_ABOUT THIS EXERCISE_. Return all lines in the data where the string "multiset" can be found.

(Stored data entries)
-- Opening Marker --

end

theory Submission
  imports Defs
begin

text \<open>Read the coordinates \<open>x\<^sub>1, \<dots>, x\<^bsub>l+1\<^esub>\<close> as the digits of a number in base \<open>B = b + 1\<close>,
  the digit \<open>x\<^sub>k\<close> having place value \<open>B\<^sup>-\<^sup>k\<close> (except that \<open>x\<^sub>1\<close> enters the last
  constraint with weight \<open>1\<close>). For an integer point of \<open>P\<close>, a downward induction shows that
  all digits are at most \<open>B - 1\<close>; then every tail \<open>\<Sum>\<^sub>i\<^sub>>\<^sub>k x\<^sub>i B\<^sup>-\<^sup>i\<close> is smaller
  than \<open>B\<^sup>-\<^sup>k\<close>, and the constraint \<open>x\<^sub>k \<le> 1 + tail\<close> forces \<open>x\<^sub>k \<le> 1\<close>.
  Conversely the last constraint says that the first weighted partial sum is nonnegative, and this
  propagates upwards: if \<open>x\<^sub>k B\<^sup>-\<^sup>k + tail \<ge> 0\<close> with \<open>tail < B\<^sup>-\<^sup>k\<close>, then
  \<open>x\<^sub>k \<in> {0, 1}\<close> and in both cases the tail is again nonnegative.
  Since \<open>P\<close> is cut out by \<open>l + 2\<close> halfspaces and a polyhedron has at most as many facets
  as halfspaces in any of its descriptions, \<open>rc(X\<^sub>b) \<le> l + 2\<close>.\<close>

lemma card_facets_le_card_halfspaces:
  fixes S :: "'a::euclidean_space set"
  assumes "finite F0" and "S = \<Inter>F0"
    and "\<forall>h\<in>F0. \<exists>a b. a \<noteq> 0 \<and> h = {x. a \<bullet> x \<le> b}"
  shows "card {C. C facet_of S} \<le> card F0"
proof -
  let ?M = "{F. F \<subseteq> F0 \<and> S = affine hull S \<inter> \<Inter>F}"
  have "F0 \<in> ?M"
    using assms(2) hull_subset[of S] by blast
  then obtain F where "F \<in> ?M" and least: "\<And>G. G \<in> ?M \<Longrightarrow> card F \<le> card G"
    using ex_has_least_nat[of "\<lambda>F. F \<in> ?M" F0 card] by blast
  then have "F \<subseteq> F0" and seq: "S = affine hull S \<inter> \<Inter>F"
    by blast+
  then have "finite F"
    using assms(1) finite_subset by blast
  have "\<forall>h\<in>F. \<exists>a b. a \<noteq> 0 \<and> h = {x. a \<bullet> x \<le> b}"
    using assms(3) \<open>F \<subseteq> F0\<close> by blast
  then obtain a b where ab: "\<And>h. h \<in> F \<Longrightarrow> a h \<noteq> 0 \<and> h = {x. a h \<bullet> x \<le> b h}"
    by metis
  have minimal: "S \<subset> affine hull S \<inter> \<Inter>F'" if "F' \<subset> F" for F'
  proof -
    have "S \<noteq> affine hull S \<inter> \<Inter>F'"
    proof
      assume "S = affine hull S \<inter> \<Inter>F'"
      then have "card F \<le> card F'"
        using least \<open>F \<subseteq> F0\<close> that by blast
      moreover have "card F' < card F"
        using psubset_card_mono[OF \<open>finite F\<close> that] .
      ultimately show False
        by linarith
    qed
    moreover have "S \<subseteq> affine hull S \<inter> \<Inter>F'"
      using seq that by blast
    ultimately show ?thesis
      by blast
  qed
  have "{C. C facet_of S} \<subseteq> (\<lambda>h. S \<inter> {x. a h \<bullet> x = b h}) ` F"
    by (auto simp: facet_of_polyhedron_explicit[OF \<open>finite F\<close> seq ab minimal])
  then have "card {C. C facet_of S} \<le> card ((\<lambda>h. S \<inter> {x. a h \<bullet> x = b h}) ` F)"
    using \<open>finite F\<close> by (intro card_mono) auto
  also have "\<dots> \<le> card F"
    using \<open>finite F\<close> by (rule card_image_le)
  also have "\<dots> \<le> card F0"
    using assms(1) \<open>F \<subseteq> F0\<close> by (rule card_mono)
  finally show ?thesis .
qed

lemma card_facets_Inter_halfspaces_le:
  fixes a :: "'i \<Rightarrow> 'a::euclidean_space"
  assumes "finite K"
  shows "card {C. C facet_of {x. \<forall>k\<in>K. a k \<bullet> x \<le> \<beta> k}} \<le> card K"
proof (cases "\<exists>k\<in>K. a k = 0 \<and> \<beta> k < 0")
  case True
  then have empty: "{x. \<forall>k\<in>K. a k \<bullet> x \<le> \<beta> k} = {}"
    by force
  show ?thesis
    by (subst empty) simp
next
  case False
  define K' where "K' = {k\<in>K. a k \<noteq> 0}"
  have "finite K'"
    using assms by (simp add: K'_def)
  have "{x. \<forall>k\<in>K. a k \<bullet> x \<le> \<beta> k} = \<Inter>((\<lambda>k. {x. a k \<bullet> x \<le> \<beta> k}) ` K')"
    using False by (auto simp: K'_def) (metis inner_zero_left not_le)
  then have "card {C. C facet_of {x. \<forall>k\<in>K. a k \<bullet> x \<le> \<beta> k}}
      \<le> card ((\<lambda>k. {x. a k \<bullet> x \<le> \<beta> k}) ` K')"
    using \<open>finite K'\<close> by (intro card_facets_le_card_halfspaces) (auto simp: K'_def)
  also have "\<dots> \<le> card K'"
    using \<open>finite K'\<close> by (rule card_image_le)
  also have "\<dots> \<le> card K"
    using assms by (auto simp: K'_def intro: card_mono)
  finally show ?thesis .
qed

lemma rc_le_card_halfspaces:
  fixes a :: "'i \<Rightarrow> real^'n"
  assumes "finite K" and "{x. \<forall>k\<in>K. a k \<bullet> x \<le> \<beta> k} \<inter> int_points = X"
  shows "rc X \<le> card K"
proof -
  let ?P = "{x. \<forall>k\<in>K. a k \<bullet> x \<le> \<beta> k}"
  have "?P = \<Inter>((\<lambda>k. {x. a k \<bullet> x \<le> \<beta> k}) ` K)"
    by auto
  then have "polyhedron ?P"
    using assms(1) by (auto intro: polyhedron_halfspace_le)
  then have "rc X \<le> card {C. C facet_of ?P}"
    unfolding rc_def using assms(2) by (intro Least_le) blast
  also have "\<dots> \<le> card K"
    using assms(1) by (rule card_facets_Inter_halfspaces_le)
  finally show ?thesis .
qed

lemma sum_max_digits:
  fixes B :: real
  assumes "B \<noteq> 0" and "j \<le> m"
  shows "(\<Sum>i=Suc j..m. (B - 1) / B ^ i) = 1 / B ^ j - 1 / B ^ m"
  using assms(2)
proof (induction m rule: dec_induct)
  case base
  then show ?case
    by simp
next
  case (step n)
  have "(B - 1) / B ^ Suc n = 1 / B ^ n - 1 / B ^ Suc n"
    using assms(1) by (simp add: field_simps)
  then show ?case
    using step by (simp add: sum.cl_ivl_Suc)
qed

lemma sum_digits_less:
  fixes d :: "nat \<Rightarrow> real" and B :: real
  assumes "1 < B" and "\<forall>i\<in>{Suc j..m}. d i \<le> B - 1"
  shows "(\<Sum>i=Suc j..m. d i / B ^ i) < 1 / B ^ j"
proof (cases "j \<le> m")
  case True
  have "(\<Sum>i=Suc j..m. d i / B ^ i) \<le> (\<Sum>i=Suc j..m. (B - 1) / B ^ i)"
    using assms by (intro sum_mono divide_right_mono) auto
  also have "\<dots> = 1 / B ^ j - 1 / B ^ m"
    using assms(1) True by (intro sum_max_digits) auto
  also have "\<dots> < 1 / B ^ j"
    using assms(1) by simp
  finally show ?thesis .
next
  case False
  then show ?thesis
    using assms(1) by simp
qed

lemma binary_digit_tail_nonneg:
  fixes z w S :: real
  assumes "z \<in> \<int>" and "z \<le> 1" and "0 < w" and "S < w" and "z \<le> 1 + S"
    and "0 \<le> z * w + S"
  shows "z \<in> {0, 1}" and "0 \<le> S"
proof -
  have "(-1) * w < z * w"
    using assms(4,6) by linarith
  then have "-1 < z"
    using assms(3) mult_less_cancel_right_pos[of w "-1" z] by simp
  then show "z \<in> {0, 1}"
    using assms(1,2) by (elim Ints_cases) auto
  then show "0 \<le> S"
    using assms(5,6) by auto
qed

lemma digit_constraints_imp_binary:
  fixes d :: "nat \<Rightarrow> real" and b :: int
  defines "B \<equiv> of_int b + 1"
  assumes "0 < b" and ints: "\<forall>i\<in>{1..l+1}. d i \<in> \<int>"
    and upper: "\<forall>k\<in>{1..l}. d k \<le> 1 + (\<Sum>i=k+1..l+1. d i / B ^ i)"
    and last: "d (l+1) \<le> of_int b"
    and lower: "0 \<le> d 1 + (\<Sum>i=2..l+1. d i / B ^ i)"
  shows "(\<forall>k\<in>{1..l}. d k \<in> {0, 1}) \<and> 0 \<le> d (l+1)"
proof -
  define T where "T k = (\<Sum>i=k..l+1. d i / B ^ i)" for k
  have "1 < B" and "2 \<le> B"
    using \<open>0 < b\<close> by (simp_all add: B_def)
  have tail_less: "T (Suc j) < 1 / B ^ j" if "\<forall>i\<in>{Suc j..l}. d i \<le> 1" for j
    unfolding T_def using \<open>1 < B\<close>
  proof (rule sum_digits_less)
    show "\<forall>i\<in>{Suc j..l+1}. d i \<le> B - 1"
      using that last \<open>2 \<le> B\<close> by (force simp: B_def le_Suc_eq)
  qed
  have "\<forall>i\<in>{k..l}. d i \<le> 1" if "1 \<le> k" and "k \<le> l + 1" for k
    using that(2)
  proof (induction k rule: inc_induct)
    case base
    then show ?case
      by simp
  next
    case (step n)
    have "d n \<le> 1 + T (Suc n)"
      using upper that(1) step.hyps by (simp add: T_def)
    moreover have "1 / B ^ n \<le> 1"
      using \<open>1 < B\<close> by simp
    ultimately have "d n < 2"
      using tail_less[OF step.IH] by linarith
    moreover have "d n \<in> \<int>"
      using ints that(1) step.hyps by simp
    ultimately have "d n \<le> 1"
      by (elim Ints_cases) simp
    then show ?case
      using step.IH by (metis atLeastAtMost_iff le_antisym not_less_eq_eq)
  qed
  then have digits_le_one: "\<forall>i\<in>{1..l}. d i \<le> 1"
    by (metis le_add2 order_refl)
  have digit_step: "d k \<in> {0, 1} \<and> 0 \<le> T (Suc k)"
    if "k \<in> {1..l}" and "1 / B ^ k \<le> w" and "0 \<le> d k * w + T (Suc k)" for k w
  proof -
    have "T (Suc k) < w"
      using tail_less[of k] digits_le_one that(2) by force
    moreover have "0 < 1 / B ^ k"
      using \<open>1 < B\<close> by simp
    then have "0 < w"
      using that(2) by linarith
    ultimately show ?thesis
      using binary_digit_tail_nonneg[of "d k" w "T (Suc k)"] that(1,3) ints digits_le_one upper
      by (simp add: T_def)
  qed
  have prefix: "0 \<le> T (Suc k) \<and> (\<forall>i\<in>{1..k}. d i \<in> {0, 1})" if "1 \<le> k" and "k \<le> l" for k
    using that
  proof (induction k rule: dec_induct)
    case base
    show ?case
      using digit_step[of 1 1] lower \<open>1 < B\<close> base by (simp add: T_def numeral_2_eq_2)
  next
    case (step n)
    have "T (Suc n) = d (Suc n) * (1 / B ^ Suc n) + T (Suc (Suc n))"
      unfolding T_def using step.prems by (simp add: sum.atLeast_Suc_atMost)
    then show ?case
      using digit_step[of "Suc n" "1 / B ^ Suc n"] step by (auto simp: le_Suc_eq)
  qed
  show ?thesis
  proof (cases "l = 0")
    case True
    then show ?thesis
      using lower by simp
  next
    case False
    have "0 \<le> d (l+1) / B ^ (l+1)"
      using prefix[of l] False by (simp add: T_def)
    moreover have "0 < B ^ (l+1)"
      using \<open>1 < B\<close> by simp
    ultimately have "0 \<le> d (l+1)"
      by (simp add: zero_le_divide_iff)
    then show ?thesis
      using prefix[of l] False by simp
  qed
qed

-- Closing Marker --
-- Opening Marker --

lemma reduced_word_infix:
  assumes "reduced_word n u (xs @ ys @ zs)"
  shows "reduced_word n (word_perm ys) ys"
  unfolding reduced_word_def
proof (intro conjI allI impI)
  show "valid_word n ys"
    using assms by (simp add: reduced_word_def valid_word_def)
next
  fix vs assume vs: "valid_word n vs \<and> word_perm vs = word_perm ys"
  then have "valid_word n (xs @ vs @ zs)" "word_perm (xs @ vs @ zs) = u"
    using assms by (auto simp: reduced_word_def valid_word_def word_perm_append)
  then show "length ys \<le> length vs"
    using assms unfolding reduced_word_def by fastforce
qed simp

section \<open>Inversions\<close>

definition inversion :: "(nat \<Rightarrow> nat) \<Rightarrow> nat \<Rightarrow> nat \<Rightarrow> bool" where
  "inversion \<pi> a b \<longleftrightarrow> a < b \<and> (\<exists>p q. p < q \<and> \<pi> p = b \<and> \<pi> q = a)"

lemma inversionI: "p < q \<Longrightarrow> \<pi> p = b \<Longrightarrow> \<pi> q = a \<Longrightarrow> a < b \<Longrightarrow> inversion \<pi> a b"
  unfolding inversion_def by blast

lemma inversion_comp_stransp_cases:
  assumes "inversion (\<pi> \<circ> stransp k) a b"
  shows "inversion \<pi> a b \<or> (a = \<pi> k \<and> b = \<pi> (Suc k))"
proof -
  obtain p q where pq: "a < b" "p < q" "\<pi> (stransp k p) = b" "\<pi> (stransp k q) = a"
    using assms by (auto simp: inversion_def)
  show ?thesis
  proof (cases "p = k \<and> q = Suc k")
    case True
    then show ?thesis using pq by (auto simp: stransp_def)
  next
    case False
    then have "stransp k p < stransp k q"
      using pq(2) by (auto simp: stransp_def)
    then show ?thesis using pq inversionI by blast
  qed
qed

-- Closing Marker --
-- Opening Marker --

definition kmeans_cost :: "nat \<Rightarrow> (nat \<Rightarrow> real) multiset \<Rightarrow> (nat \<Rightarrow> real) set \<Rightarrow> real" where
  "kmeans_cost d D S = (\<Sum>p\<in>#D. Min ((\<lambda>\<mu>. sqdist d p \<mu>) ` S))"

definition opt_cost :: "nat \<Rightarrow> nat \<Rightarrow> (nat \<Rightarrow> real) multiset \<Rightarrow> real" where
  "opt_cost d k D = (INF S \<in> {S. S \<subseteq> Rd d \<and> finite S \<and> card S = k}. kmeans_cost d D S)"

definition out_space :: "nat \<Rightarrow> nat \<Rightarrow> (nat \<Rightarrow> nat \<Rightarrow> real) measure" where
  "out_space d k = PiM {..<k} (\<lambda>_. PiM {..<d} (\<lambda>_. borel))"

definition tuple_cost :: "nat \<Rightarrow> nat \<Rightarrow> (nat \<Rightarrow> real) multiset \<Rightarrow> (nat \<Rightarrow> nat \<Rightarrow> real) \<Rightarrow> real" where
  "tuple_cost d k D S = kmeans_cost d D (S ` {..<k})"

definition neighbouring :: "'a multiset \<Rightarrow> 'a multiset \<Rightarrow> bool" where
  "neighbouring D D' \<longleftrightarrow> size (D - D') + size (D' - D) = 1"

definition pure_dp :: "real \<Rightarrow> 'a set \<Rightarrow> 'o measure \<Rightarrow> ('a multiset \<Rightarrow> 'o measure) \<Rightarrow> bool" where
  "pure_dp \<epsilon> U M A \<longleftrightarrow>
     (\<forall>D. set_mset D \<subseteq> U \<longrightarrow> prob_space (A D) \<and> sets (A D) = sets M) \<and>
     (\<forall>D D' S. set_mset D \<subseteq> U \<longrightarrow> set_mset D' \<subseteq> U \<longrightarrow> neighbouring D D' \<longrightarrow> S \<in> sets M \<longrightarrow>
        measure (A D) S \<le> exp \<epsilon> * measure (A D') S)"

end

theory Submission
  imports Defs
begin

-- Closing Marker --

_COMPLETED EXERCISE_.
definition kmeans_cost :: "nat \<Rightarrow> (nat \<Rightarrow> real) multiset \<Rightarrow> (nat \<Rightarrow> real) set \<Rightarrow> real" where
definition opt_cost :: "nat \<Rightarrow> nat \<Rightarrow> (nat \<Rightarrow> real) multiset \<Rightarrow> real" where
definition tuple_cost :: "nat \<Rightarrow> nat \<Rightarrow> (nat \<Rightarrow> real) multiset \<Rightarrow> (nat \<Rightarrow> nat \<Rightarrow> real) \<Rightarrow> real" where
definition neighbouring :: "'a multiset \<Rightarrow> 'a multiset \<Rightarrow> bool" where
definition pure_dp :: "real \<Rightarrow> 'a set \<Rightarrow> 'o measure \<Rightarrow> ('a multiset \<Rightarrow> 'o measure) \<Rightarrow> bool" where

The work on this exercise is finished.